Sahat melengos. "Oke, berarti kita harus mulai dari kecoak busuk yang bernama Bang Rud ini!" sungutnya menutupi kekalahan.
"Ya, jadi ... apa yang kita ketahui tentang Bang Rud?"
"Tak ada!" teriak Sahat.
Aku tersenyum kecut. "Tidak ada jalan lain, coba kita cari dia di mesin pencarian, siapa tahu kita beruntung."
Aku mengambil laptopku, meletakkannya di atas meja. Sebentar kemudian kami tenggelam menekuni layar bersama bercangkir-cangkir kopi dan makanan kecil yang sudah lapuk. Kami berharap bisa menemukan petunjuk sekecil apa pun tentang kasus ini.
Malam semakin larut, lampu-lampu yang terpancar dari kamar yang berhadapan dengan kamarku telah redup, sementara kami masih terus berkutat memilah dan memilih berita yang tersaji. Namun, yang dicari tak jua kami temukan.

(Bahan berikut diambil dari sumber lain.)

lemma below_bias_le_INF_sum:
  fixes \<delta> B :: "real \<Rightarrow> real"
  assumes \<delta>_mono: "mono_on {0..} \<delta>" and B_antimono: "antimono_on {0..} B"
    and nonneg: "\<And>k. 0 \<le> k \<Longrightarrow> 0 \<le> \<delta> k" "\<And>k. 0 \<le> k \<Longrightarrow> 0 \<le> B k"
    and k0: "0 \<le> k0" "\<delta> k0 \<le> B k0"
  shows "\<delta> k0 \<le> (INF k\<in>{0..}. \<delta> k + B k)"
proof (rule cINF_greatest)
  fix k :: real assume "k \<in> {0..}"
  then have "0 \<le> k" by simp
  show "\<delta> k0 \<le> \<delta> k + B k"
  proof (cases "k0 \<le> k")
    case True
    then have "\<delta> k0 \<le> \<delta> k" using \<delta>_mono k0 \<open>0 \<le> k\<close> by (auto simp: monotone_on_def)
    with nonneg(2)[OF \<open>0 \<le> k\<close>] show ?thesis by linarith
  next
    case False
    then have "B k0 \<le> B k" using B_antimono k0 \<open>0 \<le> k\<close> by (auto simp: monotone_on_def)
    with nonneg(1)[OF \<open>0 \<le> k\<close>] k0 show ?thesis by linarith
  qed
qed simp

lemma lepski_rate_bound:
  fixes \<theta> :: "real \<Rightarrow> 'th::real_normed_vector" and \<delta> B :: "real \<Rightarrow> real"
  assumes G: "finite G" "G \<subseteq> {0..}"
    and \<delta>_mono: "mono_on {0..} \<delta>" and B_antimono: "antimono_on {0..} B"
    and nonneg: "\<And>k. 0 \<le> k \<Longrightarrow> 0 \<le> \<delta> k" "\<And>k. 0 \<le> k \<Longrightarrow> 0 \<le> B k"
    and \<delta>_pos: "\<And>k. k \<in> G \<Longrightarrow> 0 < \<delta> k" \<comment> \<open>otherwise the ratio below could be a junk x / 0 = 0\<close>
    and err: "\<And>k. k \<in> G \<Longrightarrow> norm (\<theta> k - \<theta>0) \<le> \<delta> k + B k"
    and above: "{k \<in> G. B k \<le> \<delta> k} \<noteq> {}" and below: "{k \<in> G. \<delta> k \<le> B k} \<noteq> {}"
    and ratio: "Min (\<delta> ` {k \<in> G. B k \<le> \<delta> k}) / Max (\<delta> ` {k \<in> G. \<delta> k \<le> B k}) \<le> c"
  shows "norm (\<theta> (Min (lepski_set G \<theta> \<delta>)) - \<theta>0) \<le> 6 * c * (INF k\<in>{0..}. \<delta> k + B k)"
proof -
  have "Min (\<delta> ` {k \<in> G. B k \<le> \<delta> k}) \<in> \<delta> ` {k \<in> G. B k \<le> \<delta> k}"
    using above G(1) by (intro Min_in) auto
  then obtain k1 where k1: "k1 \<in> G" "B k1 \<le> \<delta> k1" "\<delta> k1 = Min (\<delta> ` {k \<in> G. B k \<le> \<delta> k})"
    by auto
  have "Max (\<delta> ` {k \<in> G. \<delta> k \<le> B k}) \<in> \<delta> ` {k \<in> G. \<delta> k \<le> B k}"
    using below G(1) by (intro Max_in) auto
  then obtain k2 where k2: "k2 \<in> G" "\<delta> k2 \<le> B k2" "\<delta> k2 = Max (\<delta> ` {k \<in> G. \<delta> k \<le> B k})"
    by auto
  have "mono_on G \<delta>" "antimono_on G B"
    using G(2) \<delta>_mono B_antimono by (auto intro: monotone_on_subset)
  then have choice_bound: "norm (\<theta> (Min (lepski_set G \<theta> \<delta>)) - \<theta>0) \<le> 6 * \<delta> k1"
    using lepski_oracle_inequality G(1) k1(1,2) err by blast
  have "\<delta> k1 \<le> c * \<delta> k2"
    using ratio k1(3) k2(3) \<delta>_pos[OF k2(1)] by (simp add: divide_le_eq)
  moreover have "0 \<le> c"
  proof -
    have "0 < c * \<delta> k2" using \<open>\<delta> k1 \<le> c * \<delta> k2\<close> \<delta>_pos[OF k1(1)] by linarith
    with \<delta>_pos[OF k2(1)] show ?thesis by (simp add: zero_less_mult_iff)
  qed
  moreover have "\<delta> k2 \<le> (INF k\<in>{0..}. \<delta> k + B k)"
    using k2(1,2) G(2) by (intro below_bias_le_INF_sum[OF \<delta>_mono B_antimono nonneg]) auto
  ultimately have "\<delta> k1 \<le> c * (INF k\<in>{0..}. \<delta> k + B k)"
    by (meson mult_left_mono order_trans)
  with choice_bound show ?thesis by simp
qed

Kami menyerah. Larut malam Sahat pamit pulang dengan wajah kuyu. Berbeda denganku, semakin menemui jalan buntu, aku semakin tertantang. Kasus aneh ini semakin membetot rasa penasaranku. Kekuatan besar sedang melingkupi kasus ini. Kekuatan yang kuyakini akan mengorbankan seorang pemuda desa terbelakang untuk menutupi kasus sebenarnya.

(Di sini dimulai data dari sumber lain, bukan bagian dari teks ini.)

(* Let $M$ be a quasi-minimal Lorentz surface in $\mathbb{E}^4_2$. Then $M$ has harmonic Gauss map (i.e. $\Delta G=0$) if and only if $M$ is flat and has parallel mean curvature vector field.
   Context: $\mathbb{E}^4_2$ is $\mathbb{R}^4$ with the metric $\langle\cdot,\cdot\rangle = dx_1^2+dx_2^2-dx_3^2-dx_4^2$. A Lorentz surface in $\mathbb{E}^4_2$ is an immersed surface with Lorentzian induced metric. $D$ denotes the normal connection, $H=\frac12\operatorname{tr}h$ the mean curvature vector field; the surface is quasi-minimal if $H\ne0$ and $\langle H,H\rangle=0$ everywhere; $H$ is parallel if $DH=0$; the surface is flat if its Gauss curvature vanishes identically. The space $\wedge^2\mathbb{E}^4_2$ is identified with a $6$-dimensional pseudo-Euclidean space via $\langle a\wedge b,c\wedge d\rangle=\langle a,c\rangle\langle b,d\rangle-\langle a,d\rangle\langle b,c\rangle$. The Gauss map is $G=x\wedge y:M\to\wedge^2\mathbb{E}^4_2$, where $\{x,y\}$ is a local tangent frame with $\langle x,x\rangle=\langle y,y\rangle=0$, $\langle x,y\rangle=-1$. The Laplacian acts componentwise on vector-valued functions by $\Delta\varphi = x(y(\varphi))+y(x(\varphi))-(\nabla_xy)(\varphi)-(\nabla_yx)(\varphi)$, where $\nabla$ is the Levi-Civita connection of $M$ (equivalently $\Delta\varphi=-\sum_i\varepsilon_i(e_ie_i\varphi-(\nabla_{e_i}e_i)\varphi)$ for an orthonormal frame $e_1,e_2$ with $\varepsilon_i=\langle e_i,e_i\rangle$). *)

theory Defs
  imports "HOL-Analysis.Analysis"
begin

text \<open>Local-coordinate model of a surface in the pseudo-Euclidean space E^4_2.
  A surface patch is a map f : U \<subseteq> R^2 \<Rightarrow> R^4 (U open); coordinates are indexed by 0,1.\<close>

definition eps4 :: "4 \<Rightarrow> real" where
  "eps4 i = (if i = 1 \<or> i = 2 then 1 else -1)"

text \<open>The metric dx1^2+dx2^2-dx3^2-dx4^2 (components 1,2 positive, 3,4 negative; note 4 = 0 in type 4).\<close>
definition ip :: "real^4 \<Rightarrow> real^4 \<Rightarrow> real" where
  "ip a b = (\<Sum>i\<in>UNIV. eps4 i * (a $ i) * (b $ i))"

definition pd :: "nat \<Rightarrow> (real \<times> real \<Rightarrow> 'a::real_normed_vector) \<Rightarrow> real \<times> real \<Rightarrow> 'a" where
  "pd i \<phi> p = frechet_derivative \<phi> (at p) (if i = 0 then (1, 0) else (0, 1))"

Aku memang belum punya pengalaman menangani kasus kelas kakap, tetapi naluriku mengatakan bahwa Sion bukanlah tersangkanya. Dia adalah korban. Siapa pelaku sebenarnya? Apa motifnya? Tugaskulah untuk menguaknya sebagai pembela klienku.
Besok aku akan menggali dan menguliti semua hal yang berhubungan dengan kasus ini. Adrenalinku terpompa, semangatku terlecut. Aku harus bisa memecahkan kasus ini.
Geen straf zonder schuld, tiada hukuman tanpa kesalahan. Terlalu pagi untuk mengatakan Sion tidak bersalah, namun, terlalu dini pula untuk menghadapkan pemuda lugu itu pada regu tembak.